··· INFORMATION SUPPLIED ···
section \<open>Cofactors\<close>

text \<open>Expanding along row \<open>i\<close> shows that this is the signed cofactor
  \<open>(-1)\<^sup>i\<^sup>+\<^sup>j det (minor\<^sub>i\<^sub>j x)\<close>.\<close>

definition cofactor :: "'n::finite \<Rightarrow> 'n \<Rightarrow> real^'n^'n \<Rightarrow> real" where
  "cofactor i j x = det ((\<chi> r. if r = i then axis j 1 else x $ r) :: real^'n^'n)"

definition matrix_unit :: "'n::finite \<Rightarrow> 'n \<Rightarrow> real^'n^'n" where
  "matrix_unit i j = (\<chi> r. if r = i then axis j 1 else 0)"

lemma det_add_scaleR_matrix_unit:
  fixes x :: "real^'n^'n"
  shows "det (x + t *\<^sub>R matrix_unit i j) = det x + t * cofactor i j x"
proof -
  have "x + t *\<^sub>R matrix_unit i j = (\<chi> r. if r = i then x $ r + t *s axis j 1 else x $ r)"
    by (simp add: matrix_unit_def vec_eq_iff scalar_mult_eq_scaleR)
  then have "det (x + t *\<^sub>R matrix_unit i j) =
      det ((\<chi> r. if r = i then x $ r else x $ r) :: real^'n^'n)
    + det ((\<chi> r. if r = i then t *s axis j 1 else x $ r) :: real^'n^'n)"
    using det_row_add[of i "\<lambda>r. x $ r" "\<lambda>_. t *s axis j 1" "\<lambda>r. x $ r"] by simp
  also have "det ((\<chi> r. if r = i then t *s axis j 1 else x $ r) :: real^'n^'n) = t * cofactor i j x"
    unfolding cofactor_def by (rule det_row_mul)
  finally show ?thesis by simp
qed

lemma cofactor_add_scaleR_matrix_unit:
  fixes x :: "real^'n^'n"
  shows "cofactor i j (x + t *\<^sub>R matrix_unit i j) = cofactor i j x"
  unfolding cofactor_def by (rule arg_cong[where f = det]) (simp add: matrix_unit_def vec_eq_iff)

lemma Inv_entry_eq_cofactor_div_det:
  fixes x :: "real^'n^'n"
  assumes "det x \<noteq> 0"
  shows "Inv x $ j $ i = cofactor i j x / det x"
proof -
  let ?B = "matrix_inv x"
  have "invertible x" using assms invertible_det_nz by blast
  then have "?B ** x = mat 1"
    unfolding invertible_def matrix_inv_def by (metis (mono_tags, lifting) someI_ex)
  moreover have "(transpose x *v (?B $ j)) $ r = (?B ** x) $ j $ r" for r
    by (simp add: matrix_vector_mult_def matrix_matrix_mult_def transpose_def mult.commute)
  ultimately have "transpose x *v (?B $ j) = axis j 1"
    by (simp add: vec_eq_iff mat_def axis_def)
  moreover have det_transpose_x: "det (transpose x) \<noteq> 0"
    using assms by (simp add: det_transpose)
  ultimately have "?B $ j $ i
      = det (\<chi> r s. if s = i then (axis j 1 :: real^'n) $ r else transpose x $ r $ s) / det x"
    using cramer[OF det_transpose_x] by (simp add: det_transpose)
  also have "(\<chi> r s. if s = i then (axis j 1 :: real^'n) $ r else transpose x $ r $ s)
      = transpose ((\<chi> r. if r = i then axis j 1 else x $ r) :: real^'n^'n)"
    by (simp add: vec_eq_iff transpose_def)
  finally show ?thesis by (simp add: Inv_def cofactor_def det_transpose)
qed

lemma continuous_on_cofactor: "continuous_on UNIV (cofactor i j)"
  unfolding cofactor_def det_def
  apply (intro continuous_intros)
  subgoal for p r s by (cases "s = i") (auto intro: continuous_intros)
  done

lemma ex_axis_notin_span:
  fixes S :: "(real^'n) set"
  assumes "dim S < CARD('n)"
  shows "\<exists>j. axis j 1 \<notin> span S"
proof (rule ccontr)
  assume "\<not> ?thesis"
  then have "Basis \<subseteq> span S" by (auto simp: Basis_vec_def)
  then have "(UNIV :: (real^'n) set) \<subseteq> span S" by (metis span_Basis span_minimal subspace_span)
  then have "dim (UNIV :: (real^'n) set) \<le> dim (span S)" by (rule dim_subset)
  then show False using assms by (simp add: dim_span)
qed

lemma ex_cofactor_neq_0_if_rank_eq:
  fixes y :: "real^'n^'n"
  assumes rank: "rank y = CARD('n) - 1"
  shows "\<exists>i j. cofactor i j y \<noteq> 0"
proof -
  obtain B where B_rows: "B \<subseteq> rows y" and B_indep: "independent B"
    and B_card: "card B = dim (rows y)"
    using basis_exists[of "rows y"] by metis
  have card_B: "card B = CARD('n) - 1" using B_card rank by (simp add: row_rank_def)
  have finite_B: "finite B" using B_indep by (simp add: independent_imp_finite)
  define idx where "idx b = (SOME r. b = row r y)" for b
  have idx: "b = row (idx b) y" if "b \<in> B" for b
  proof -
    from that B_rows obtain r where "b = row r y" by (auto simp: rows_def)
    then show ?thesis unfolding idx_def by (rule someI)
  qed
  have "inj_on idx B" by (metis idx inj_onI)
  then have "card (idx ` B) < CARD('n)" using card_B by (simp add: card_image)
  then have "idx ` B \<noteq> UNIV" by auto
  then obtain i where i: "i \<notin> idx ` B" by blast
  have "dim B < CARD('n)" using B_indep card_B by (simp add: dim_eq_card_independent)
  then obtain j where j: "axis j 1 \<notin> span B" using ex_axis_notin_span by blast
  define z where "z = ((\<chi> r. if r = i then axis j 1 else y $ r) :: real^'n^'n)"
  have rows_z: "insert (axis j 1) B \<subseteq> rows z"
  proof -
    have "axis j 1 = row i z" by (simp add: z_def row_def vec_eq_iff)
    moreover have "b = row (idx b) z" if "b \<in> B" for b
      using idx[OF that] i that by (auto simp: z_def row_def vec_eq_iff)
    ultimately show ?thesis by (auto simp: rows_def)
  qed
  have indep: "independent (insert (axis j 1) B)" using B_indep j by (simp add: independent_insert)
  have "axis j 1 \<notin> B" using j span_base by blast
  then have "CARD('n) = card (insert (axis j 1) B)" using card_B finite_B by simp
  also have "\<dots> = dim (insert (axis j 1) B)" using indep by (simp add: dim_eq_card_independent)
  also have "\<dots> \<le> dim (rows z)" using rows_z by (rule dim_subset)
  finally have "\<not> rank z < CARD('n)" by (simp add: row_rank_def)
  then have "det z \<noteq> 0" by (simp add: det_eq_0_rank)
  then show ?thesis unfolding cofactor_def z_def by blast
qed

section \<open>Divergent integrals\<close>

lemma nn_integral_inverse_diverges:
  fixes t0 c d :: real
  assumes c: "0 < c" and d: "0 < d"
  shows "(\<integral>\<^sup>+ t. indicator {t0<..t0 + d} t * ennreal (c / (t - t0)) \<partial>lborel) = \<infinity>"
proof (rule ccontr)
  let ?I = "\<integral>\<^sup>+ t. indicator {t0<..t0 + d} t * ennreal (c / (t - t0)) \<partial>lborel"
  assume "?I \<noteq> \<infinity>"
  then obtain R where R: "?I = ennreal R" "0 \<le> R" by (cases ?I) auto
  define e where "e = d * exp (- (R + 1) / c)"
  have "exp (- (R + 1) / c) \<le> 1" using R c by (simp add: divide_nonpos_pos)
  then have e: "0 < e" "e \<le> d" using d by (auto simp: e_def mult_le_cancel_left1)
  have "c * (ln d - ln e) = R + 1" using c d by (simp add: e_def ln_mult)
  moreover have "((\<lambda>t. c / (t - t0)) has_integral c * ln d - c * ln e) {t0 + e..t0 + d}"
  proof -
    have "((\<lambda>t. c * ln (t - t0)) has_real_derivative c / (t - t0)) (at t within {t0 + e..t0 + d})"
      if "t \<in> {t0 + e..t0 + d}" for t
      using that e by (auto intro!: derivative_eq_intros simp: field_simps)
    then show ?thesis
      using fundamental_theorem_of_calculus[of "t0 + e" "t0 + d" "\<lambda>t. c * ln (t - t0)"] e
      by (simp add: has_real_derivative_iff_has_vector_derivative)
  qed
  ultimately have "ennreal (R + 1) = (\<integral>\<^sup>+ t. ennreal (c / (t - t0)) * indicator {t0 + e..t0 + d} t \<partial>lborel)"
    using e c by (subst nn_integral_has_integral_lebesgue') (auto simp: right_diff_distrib)
  also have "\<dots> \<le> ?I"
    using e by (intro nn_integral_mono) (auto simp: indicator_def)
  finally show False using R by (simp add: ennreal_le_iff)
qed

lemma nn_integral_powr_inverse_minus_diverges:
  fixes t0 d C k :: real
  assumes d: "0 < d" and C: "0 \<le> C" and k: "1 \<le> k"
  shows "(\<integral>\<^sup>+ t. indicator {t0<..t0 + d} t * ennreal ((max 0 (1 / (t - t0) - C)) powr k) \<partial>lborel) = \<infinity>"
proof -
  define d' where "d' = min d (1 / (2 * C + 2))"
  have d': "0 < d'" using d C by (simp add: d'_def)
  have pointwise: "1 / 2 / (t - t0) \<le> (max 0 (1 / (t - t0) - C)) powr k"
    if "t0 < t" "t \<le> t0 + d'" for t
  proof -
    have "t - t0 \<le> 1 / (2 * C + 2)" using that(2) by (simp add: d'_def)
    then have "2 * C + 2 \<le> 1 / (t - t0)"
      using that(1) C by (simp add: le_divide_eq divide_le_eq mult.commute)
    moreover have "1 / 2 / (t - t0) = 1 / (t - t0) / 2" by simp
    ultimately have "1 / 2 / (t - t0) \<le> 1 / (t - t0) - C" and ge_1: "1 \<le> 1 / (t - t0) - C"
      using C by linarith+
    moreover have "(1 / (t - t0) - C) powr 1 \<le> (1 / (t - t0) - C) powr k"
      using ge_1 k by (intro powr_mono) auto
    ultimately show ?thesis by simp
  qed
  have "indicator {t0<..t0 + d'} t * ennreal (1 / 2 / (t - t0))
      \<le> indicator {t0<..t0 + d} t * ennreal ((max 0 (1 / (t - t0) - C)) powr k)" for t
    using pointwise[of t] by (auto simp: d'_def split: split_indicator intro!: ennreal_leI)
  then have "(\<integral>\<^sup>+ t. indicator {t0<..t0 + d'} t * ennreal (1 / 2 / (t - t0)) \<partial>lborel)
      \<le> (\<integral>\<^sup>+ t. indicator {t0<..t0 + d} t * ennreal ((max 0 (1 / (t - t0) - C)) powr k) \<partial>lborel)"
    by (intro nn_integral_mono)
  then show ?thesis using nn_integral_inverse_diverges[OF _ d', of "1 / 2" t0] by (simp add: top_unique)
qed

lemma nn_integral_lborel_translate:
  fixes G :: "'a::euclidean_space \<Rightarrow> ennreal"
  assumes "G \<in> borel_measurable borel"
  shows "(\<integral>\<^sup>+ x. G (x + c) \<partial>lborel) = (\<integral>\<^sup>+ x. G x \<partial>lborel)"
proof -
  have "(\<integral>\<^sup>+ x. G x \<partial>lborel) = (\<integral>\<^sup>+ x. G x \<partial>distr lborel borel ((+) c))"
    by (simp add: lborel_distr_plus)
  also have "\<dots> = (\<integral>\<^sup>+ x. G (c + x) \<partial>lborel)"
    using assms by (intro nn_integral_distr) auto
  finally show ?thesis by (simp add: add.commute)
qed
···
Where the data above reaches the line holding "transpose ((\<chi> r.", begin printing, and stop after the line holding "UNIV (cofactor i". Each line must be reproduced exactly, with nothing else added.

REPLY TO THE TASK
      = transpose ((\<chi> r. if r = i then axis j 1 else x $ r) :: real^'n^'n)"
    by (simp add: vec_eq_iff transpose_def)
  finally show ?thesis by (simp add: Inv_def cofactor_def det_transpose)
qed

lemma continuous_on_cofactor: "continuous_on UNIV (cofactor i j)"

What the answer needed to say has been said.